[This article belongs to Volume - 58, Issue - 01]
Gongcheng Kexue Yu Jishu/Advanced Engineering Science
Journal ID : AES-17-02-2026-913

Title : Unsupervised Machine Learning Approaches for Anomaly Detection in Large-Scale Data Systems
Sonali Kothari,

Abstract : The fast growth in the scale of large-scale data systems in sectors like cybersecurity, finance, healthcare, and industrial surveillance has enhanced the necessity of powerful anomaly detecting methods that can operate without indicated data. This paper explores the use of unsupervised machine learning to detect anomalies in high-dimensional and large-scale unhomogeneous data. Four exemplary algorithms, namely: Isolation Forest, One-Class Support Vector Machine (OC-SVM), Local Outlier Factor (LOF) and Autoencoder neural networks were evaluated systematically on several large-scale datasets with network traffic, transactional and sensor records. The experimental findings proved that deep learning-based Autoencoders had a top overall detection performance with an average precision of 93.6, recall of 90.8, F1-score of 92.2, and AUC of 0.96, which showed they were most effective in identifying non-linear patterns involving complex physiological behavior.
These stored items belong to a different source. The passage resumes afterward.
(* Let $A\subset\mathbf{Z}_{\geq0}$ be finite with $0\in A$, $N=\#A\geq 2$, $A(x)=\sum_{a\in A}x^a$ irreducible over $\mathbf{Q}$. Suppose $A(x)$ has a spectrum $\{\theta_1,\dots,\theta_{N-1}\}$ with $\theta_1\notin\mathbf{Q}$. Then $A(x)$ has at least $N$ distinct roots $x$ with $|x|\neq1$, and $\deg A(x)\geq\frac{5N}{2}$.
   Context: A set $\{\theta_1,\dots,\theta_{N-1}\}\subset(0,1)$ is called a spectrum for $A(x)$ if the $\theta_j$ are pairwise distinct and, with $\theta_0=0$, $A(e^{2\pi i(\theta_i-\theta_j)})=0$ for all $0\leq i,j\leq N-1$ with $i\neq j$. *)

theory Defs
  imports "HOL-Analysis.Analysis" "HOL-Computational_Algebra.Computational_Algebra"
begin

definition mask_poly :: "nat set \<Rightarrow> rat poly" where
  "mask_poly A = (\<Sum>a\<in>A. monom 1 a)"

definition is_spectrum :: "rat poly \<Rightarrow> nat \<Rightarrow> (nat \<Rightarrow> real) \<Rightarrow> bool" where
  "is_spectrum P N \<theta> \<longleftrightarrow>
     (\<forall>j\<in>{1..<N}. 0 < \<theta> j \<and> \<theta> j < 1) \<and>
     inj_on \<theta> {1..<N} \<and>
     (let \<theta>' = \<theta>(0 := 0) in
       \<forall>i<N. \<forall>j<N. i \<noteq> j \<longrightarrow>
         poly (map_poly of_rat P) (exp (2 * of_real pi * \<i> * of_real (\<theta>' i - \<theta>' j))) = (0::complex))"

end

(*
  Put theta_0 = 0 and s_k = exp (2 pi i theta_k); all ratios s_i / s_j (i ~= j) are roots of A.
  Since A is irreducible over Q, in a tuple of roots of A one entry may be replaced by any other
  root w of A so that every integer polynomial relation of the tuple survives.  This substitute
  for a Galois conjugation is built one coordinate at a time, using that the norm
  prod_{A(r) = 0} F(r) of a relation F is again an integer relation.

  As s_1 is not a root of unity, Kronecker's theorem provides a root w of A off the unit circle.
  Replacing s_a / s_b by w in (s_a / s_b, s_1, ..., s_(N-1)) gives points t_0 = 1, ..., t_(N-1)
  with t_a = w t_b whose ratios are again roots of A.  For a = 1, b = 0 they do not all have the
  same modulus, and the ratios against a point of extreme modulus give at least N roots off the
  circle.  The functions k |-> log |t_k| are additive on the relations s_q^2 = s_b s_c and
  separate the indices, so a linear combination psi of them is injective; for q maximising psi
  the 2(N - 1) numbers s_q / s_b and s_b / s_q are distinct roots on the circle.  Roots off the
  circle come in pairs x, 1/x and N = 2 is impossible, so deg A >= 2(N - 1) + 2 ceil(N/2) >= 5N/2.
*)

theory Submission
  imports Defs "HOL-Computational_Algebra.Field_as_Ring" "Jordan_Normal_Form.Char_Poly"
begin

section \<open>Rational polynomials over fields of characteristic zero\<close>

interpretation of_rat_poly_hom: map_poly_inj_idom_hom of_rat ..

lemma map_poly_of_rat_reflect:
  "map_poly of_rat (reflect_poly p) = reflect_poly (map_poly of_rat p)"
  by (intro poly_eqI) (simp add: coeff_reflect_poly)

lemma irreducible_dvd_of_common_root:
  fixes P p :: "rat poly" and z :: "'a::field_char_0"
  assumes "irreducible P" "poly (map_poly of_rat P) z = 0" "poly (map_poly of_rat p) z = 0"
  shows "P dvd p"
proof (rule ccontr)
  assume "\<not> P dvd p"
  moreover have "prime_elem P" using assms(1) by (rule field_poly_irreducible_imp_prime)
  ultimately have "gcd P p = 1" by (meson coprimeI dvd_trans prime_elemD2 coprime_imp_gcd_eq_1)
  then obtain x y where "x * P + y * p = 1" by (metis bezout_coefficients prod.exhaust)
  then have "poly (map_poly of_rat (x * P + y * p)) z = 1" by simp
  then show False using assms by (simp add: hom_distribs)
qed

lemma rsquarefree_map_poly_of_rat_irreducible:
  fixes P :: "rat poly"
  assumes "irreducible P"
  shows "rsquarefree (map_poly (of_rat :: rat \<Rightarrow> 'a::field_char_0) P)"
  unfolding rsquarefree_roots
proof (intro allI notI)
  fix z :: 'a
  assume "poly (map_poly of_rat P) z = 0 \<and> poly (pderiv (map_poly of_rat P)) z = 0"
  then have "P dvd pderiv P"
    using irreducible_dvd_of_common_root[OF assms, of z "pderiv P"]
    by (simp only: of_rat_hom.map_poly_pderiv)
  then have "degree P = 0" by simp
  then show False using assms by (metis irreducible_def is_unit_iff_degree)
qed

lemma irreducible_roots_closed_under_inverse:
  fixes P :: "rat poly" and z x :: "'a::field_char_0"
  assumes P: "irreducible P"
    and z: "z \<noteq> 0" "poly (map_poly of_rat P) z = 0" "poly (map_poly of_rat P) (inverse z) = 0"
    and x: "x \<noteq> 0" "poly (map_poly of_rat P) x = 0"
  shows "poly (map_poly of_rat P) (inverse x) = 0"
proof -
  have "poly (map_poly of_rat (reflect_poly P)) z = 0"
    using z by (simp add: map_poly_of_rat_reflect poly_reflect_poly_nz)
  then have "P dvd reflect_poly P"
    using irreducible_dvd_of_common_root[OF P z(2)] by blast
  then have "poly (map_poly of_rat (reflect_poly P)) x = 0"
    using x(2) by (auto simp: hom_distribs elim!: dvdE)
  then show ?thesis
    using x(1) by (simp add: map_poly_of_rat_reflect poly_reflect_poly_nz)
qed

section \<open>Integer polynomial functions\<close>

text \<open>Polynomials with integer coefficients in the variables \<open>v 0, \<dots>, v (n - 1)\<close>, represented
  by the functions they induce.\<close>

inductive_set int_polyfun :: "nat \<Rightarrow> ((nat \<Rightarrow> complex) \<Rightarrow> complex) set" for n where
  const: "(\<lambda>v. of_int c) \<in> int_polyfun n"
| var: "i < n \<Longrightarrow> (\<lambda>v. v i) \<in> int_polyfun n"
| add: "f \<in> int_polyfun n \<Longrightarrow> g \<in> int_polyfun n \<Longrightarrow> (\<lambda>v. f v + g v) \<in> int_polyfun n"
| mult: "f \<in> int_polyfun n \<Longrightarrow> g \<in> int_polyfun n \<Longrightarrow> (\<lambda>v. f v * g v) \<in> int_polyfun n"

lemma int_polyfun_0: "(\<lambda>v. 0) \<in> int_polyfun n"
  using int_polyfun.const[of 0] by simp

lemma int_polyfun_1: "(\<lambda>v. 1) \<in> int_polyfun n"
  using int_polyfun.const[of 1] by simp

lemma int_polyfun_Ints: "c \<in> \<int> \<Longrightarrow> (\<lambda>v. c) \<in> int_polyfun n"
  by (elim Ints_cases) (simp add: int_polyfun.const)

lemma int_polyfun_diff:
  "f \<in> int_polyfun n \<Longrightarrow> g \<in> int_polyfun n \<Longrightarrow> (\<lambda>v. f v - g v) \<in> int_polyfun n"
  using int_polyfun.add[OF _ int_polyfun.mult[OF int_polyfun.const[of "-1"]]] by simp

lemma int_polyfun_power: "f \<in> int_polyfun n \<Longrightarrow> (\<lambda>v. f v ^ k) \<in> int_polyfun n"
  by (induction k) (auto intro: int_polyfun.mult int_polyfun_1)

lemma int_polyfun_sum:
  "finite S \<Longrightarrow> (\<And>s. s \<in> S \<Longrightarrow> f s \<in> int_polyfun n) \<Longrightarrow> (\<lambda>v. \<Sum>s\<in>S. f s v) \<in> int_polyfun n"
  by (induction S rule: finite_induct) (auto intro: int_polyfun.add int_polyfun_0)

lemma int_polyfun_prod:
  "finite S \<Longrightarrow> (\<And>s. s \<in> S \<Longrightarrow> f s \<in> int_polyfun n) \<Longrightarrow> (\<lambda>v. \<Prod>s\<in>S. f s v) \<in> int_polyfun n"
  by (induction S rule: finite_induct) (auto intro: int_polyfun.mult int_polyfun_1)

lemma int_polyfun_cong: "f \<in> int_polyfun n \<Longrightarrow> (\<And>i. i < n \<Longrightarrow> v i = v' i) \<Longrightarrow> f v = f v'"
  by (induction rule: int_polyfun.induct) auto

lemma int_polyfun_compose:
  assumes "g \<in> int_polyfun m" "\<And>j. j < m \<Longrightarrow> h j \<in> int_polyfun n"
  shows "(\<lambda>v. g (\<lambda>j. h j v)) \<in> int_polyfun n"
  using assms by (induction rule: int_polyfun.induct) (auto intro: int_polyfun.intros)

lemma int_polyfun_0_const: "f \<in> int_polyfun 0 \<Longrightarrow> \<exists>c::int. \<forall>v. f v = of_int c"
  by (induction rule: int_polyfun.induct) (auto, metis of_int_add, metis of_int_mult)

lemma int_polyfun_poly:
  assumes "\<forall>k. coeff p k \<in> \<int>" "i < n"
  shows "(\<lambda>v. poly p (v i)) \<in> int_polyfun n"
  unfolding poly_altdef using assms
  by (intro int_polyfun_sum int_polyfun.mult int_polyfun_Ints int_polyfun_power int_polyfun.var) auto

lemma int_polyfun_det:
  assumes "\<And>i j. i < d \<Longrightarrow> j < d \<Longrightarrow> (\<lambda>a. M a $$ (i, j)) \<in> int_polyfun m"
    and "\<And>a. M a \<in> carrier_mat d d"
  shows "(\<lambda>a. Determinant.det (M a)) \<in> int_polyfun m"
proof -
  have "Determinant.det (M a) =
      (\<Sum>p | p permutes {0..<d}. of_int (sign p) * (\<Prod>i = 0..<d. M a $$ (i, p i)))" for a
    using assms(2)[of a] by (simp add: det_def)
  moreover have "(\<lambda>a. \<Sum>p | p permutes {0..<d}. of_int (sign p) * (\<Prod>i = 0..<d. M a $$ (i, p i)))
      \<in> int_polyfun m"
  proof (intro int_polyfun_sum int_polyfun.mult int_polyfun.const int_polyfun_prod)
    fix p i assume "p \<in> {p. p permutes {0..<d}}" "i \<in> {0..<d}"
    then show "(\<lambda>a. M a $$ (i, p i)) \<in> int_polyfun m"
      using assms(1) permutes_in_image by fastforce
  qed (auto simp: finite_permutations)
  ultimately show ?thesis by simp
qed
The Isolation Forest was also particularly well performing obtaining an F1-score of 89.8% with much lower training time (71 seconds on 500k records) and much lower detection latency (1.8 ms per instance), which was similar to real time applications. Conversely, LOF displayed lower scalability and performance breakdown in a high-dimensional environment as well as OC-SVM. The proposed framework is competitive or better with other related work of recent interest and, therefore, can be compared with other comparable studies. On the whole, this study can contribute to practical understanding of the choice of unsupervised techniques of anomaly detection regarding the scale of a system, the nature of collected data, and the limitations of its operation.